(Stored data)
========

lemma gen_ideal_not_principal:
  "ideal_of_list [gen1, gen2] \<noteq> ideal_of_list [f :: 'a::comm_ring_1 fps3]"
proof
  assume eq: "ideal_of_list [gen1, gen2] = ideal_of_list [f]"
  have "gen1 \<in> ideal_of_list [f]" "gen2 \<in> ideal_of_list [f]" "f \<in> ideal_of_list [gen1, gen2]"
    by (metis eq mem_ideal_of_list_pair mem_ideal_of_list_single)+
  then obtain a b c1 c2 where a: "gen1 = a * f" and b: "gen2 = b * f"
    and c: "f = c1 * gen1 + c2 * gen2"
    by (auto simp: ideal_of_list_single ideal_of_list_pair)
  have "a * gen2 = b * gen1"
    by (simp add: a b mult_ac)
  then have "coeff3 (a * gen2) 0 3 0 = coeff3 (b * gen1) 0 3 0"
    by simp
  then have "coeff3 a 0 0 0 = 0"
    by (simp add: coeff3_mult_gen1 coeff3_mult_gen2)
  have "gen1 = (a * c1) * gen1 + (a * c2) * gen2"
    using a c by (simp add: algebra_simps)
  then have "coeff3 gen1 0 0 2 = coeff3 ((a * c1) * gen1 + (a * c2) * gen2) 0 0 2"
    by simp
  then have "(1 :: 'a) = coeff3 a 0 0 0 * coeff3 c1 0 0 0"
    by (simp add: coeff3_mult_gen1 coeff3_mult_gen2 coeff3_0_0_0_mult)
      (simp add: gen1_def coeff3_mon3)
  with \<open>coeff3 a 0 0 0 = 0\<close> show False
    by simp
qed

lemma mu_eq_2:
  fixes g h :: "'a::comm_ring_1"
  assumes "ideal_of_list [g, h] \<noteq> {0}" "\<And>f. ideal_of_list [g, h] \<noteq> ideal_of_list [f]"
  shows "mu (ideal_of_list [g, h]) = 2"
  unfolding mu_def
proof (rule Least_equality)
  show "\<exists>gs. length gs = 2 \<and> ideal_of_list [g, h] = ideal_of_list gs"
    by (intro exI[of _ "[g, h]"]) simp
next
  fix n assume "\<exists>gs. length gs = n \<and> ideal_of_list [g, h] = ideal_of_list gs"
  then obtain gs where "length gs = n" "ideal_of_list [g, h] = ideal_of_list gs"
    by blast
  with assms show "2 \<le> n"
    by (cases gs rule: remdups_adj.cases) (auto simp: ideal_of_list_Nil)
qed

lemma gen_ideal_neq_0: "ideal_of_list [gen1, gen2] \<noteq> {0 :: 'a::comm_ring_1 fps3}"
proof -
  have "coeff3 (gen1 :: 'a fps3) 0 0 2 = 1"
    by (simp add: gen1_def coeff3_mon3)
  then have "gen1 \<noteq> (0 :: 'a fps3)"
    by auto
  then show ?thesis
    using mem_ideal_of_list_pair(1)[of gen1 gen2] by auto
qed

========

What you return should be the records above, repeated exactly.

> Response area:
lemma gen_ideal_not_principal:
  "ideal_of_list [gen1, gen2] \<noteq> ideal_of_list [f :: 'a::comm_ring_1 fps3]"
proof
  assume eq: "ideal_of_list [gen1, gen2] = ideal_of_list [f]"
  have "gen1 \<in> ideal_of_list [f]" "gen2 \<in> ideal_of_list [f]" "f \<in> ideal_of_list [gen1, gen2]"
    by (metis eq mem_ideal_of_list_pair mem_ideal_of_list_single)+
  then obtain a b c1 c2 where a: "gen1 = a * f" and b: "gen2 = b * f"
    and c: "f = c1 * gen1 + c2 * gen2"
    by (auto simp: ideal_of_list_single ideal_of_list_pair)
  have "a * gen2 = b * gen1"
    by (simp add: a b mult_ac)
  then have "coeff3 (a * gen2) 0 3 0 = coeff3 (b * gen1) 0 3 0"
    by simp
  then have "coeff3 a 0 0 0 = 0"
    by (simp add: coeff3_mult_gen1 coeff3_mult_gen2)
  have "gen1 = (a * c1) * gen1 + (a * c2) * gen2"
    using a c by (simp add: algebra_simps)
  then have "coeff3 gen1 0 0 2 = coeff3 ((a * c1) * gen1 + (a * c2) * gen2) 0 0 2"
    by simp
  then have "(1 :: 'a) = coeff3 a 0 0 0 * coeff3 c1 0 0 0"
    by (simp add: coeff3_mult_gen1 coeff3_mult_gen2 coeff3_0_0_0_mult)
      (simp add: gen1_def coeff3_mon3)
  with \<open>coeff3 a 0 0 0 = 0\<close> show False
    by simp
qed

lemma mu_eq_2:
  fixes g h :: "'a::comm_ring_1"
  assumes "ideal_of_list [g, h] \<noteq> {0}" "\<And>f. ideal_of_list [g, h] \<noteq> ideal_of_list [f]"
  shows "mu (ideal_of_list [g, h]) = 2"
  unfolding mu_def
proof (rule Least_equality)
  show "\<exists>gs. length gs = 2 \<and> ideal_of_list [g, h] = ideal_of_list gs"
    by (intro exI[of _ "[g, h]"]) simp
next
  fix n assume "\<exists>gs. length gs = n \<and> ideal_of_list [g, h] = ideal_of_list gs"
  then obtain gs where "length gs = n" "ideal_of_list [g, h] = ideal_of_list gs"
    by blast
  with assms show "2 \<le> n"
    by (cases gs rule: remdups_adj.cases) (auto simp: ideal_of_list_Nil)
qed

lemma gen_ideal_neq_0: "ideal_of_list [gen1, gen2] \<noteq> {0 :: 'a::comm_ring_1 fps3}"
proof -
  have "coeff3 (gen1 :: 'a fps3) 0 0 2 = 1"
    by (simp add: gen1_def coeff3_mon3)
  then have "gen1 \<noteq> (0 :: 'a fps3)"
    by auto
  then show ?thesis
    using mem_ideal_of_list_pair(1)[of gen1 gen2] by auto
qed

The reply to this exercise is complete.